The engineer had also to seek out the proper men to maintain
and watch the road, and more especially to work the locomotive
engines. Steadiness, sobriety, common sense, and practical
experience were the qualities which he especially valued in those
selected by him for that purpose. But where were the men of
experience to be found? Very few railways were yet at work,
and these were almost exclusively confined to the northern coal
counties; hence a considerable proportion of the drivers and firemen
employed on the Liverpool line were brought from the neighbourhood
of Newcastle. But he could not always find skilled workmen
enough for the important and responsible duties to be performed.

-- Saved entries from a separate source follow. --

text \<open>This is the positivity of (A - m)(M - A).\<close>
lemma hermitian_norm_apply_square_le:
  assumes A: "hermitian A"
    and lower: "\<And>x. m * (norm x)\<^sup>2 \<le> qform A x" and upper: "\<And>x. qform A x \<le> M * (norm x)\<^sup>2"
    and "m \<le> M"
  shows "(norm (A x))\<^sup>2 \<le> (M + m) * qform A x - m * M * (norm x)\<^sup>2"
proof -
  define T where "T = A - m *\<^sub>R id_blinfun"
  have qT: "qform T y = qform A y - m * (norm y)\<^sup>2" for y
    by (simp add: T_def qform_diff qform_scaleR qform_id)
  have "(norm (T x))\<^sup>2 \<le> (M - m) * qform T x"
  proof (rule positive_hermitian_norm_apply_le)
    show "hermitian T" unfolding T_def by (intro hermitian_diff hermitian_scaleR hermitian_id A)
    show "0 \<le> qform T y" for y using qT[of y] lower[of y] by linarith
    show "qform T y \<le> (M - m) * (norm y)\<^sup>2" for y using qT[of y] upper[of y] by (simp add: algebra_simps)
  qed (use \<open>m \<le> M\<close> in simp)
  moreover have "(norm (T x))\<^sup>2 = (norm (A x))\<^sup>2 - 2 * m * qform A x + m\<^sup>2 * (norm x)\<^sup>2"
  proof -
    have "(norm (T x))\<^sup>2 = rinner (A x - m *\<^sub>R x) (A x - m *\<^sub>R x)"
      by (simp add: T_def power2_norm_eq_rinner blinfun.diff_left blinfun.scaleR_left)
    also have "\<dots> = rinner (A x) (A x) - 2 * m * rinner x (A x) + m\<^sup>2 * rinner x x"
      by (simp add: rinner_diff_left rinner_diff_right rinner_scaleR_left rinner_scaleR_right
          rinner_commute[of "A x" x] power2_eq_square algebra_simps)
    finally show ?thesis by (simp add: qform_def power2_norm_eq_rinner)
  qed
  ultimately show ?thesis unfolding qT by (simp add: power2_eq_square algebra_simps)
qed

It was a saying of his that "he could engineer matter very well, and
make it bend to his purpose, but his greatest difficulty was in
engineering men." He often wished that he could
contrive heads and hands on which he might rely, as easily as he
could construct railways and manufacture locomotives. As it
was, Stephenson's mechanics were in request all over England—the
Newcastle workshops continuing for many years to perform the part of
a training-school for engineers, and to supply locomotive
superintendents and drivers, not only for England, but for nearly
every country in Europe—preference being given to them by the
directors of railways, in consequence of their previous training and
experience, as well as because of their generally excellent
qualities as steady and industrious workmen.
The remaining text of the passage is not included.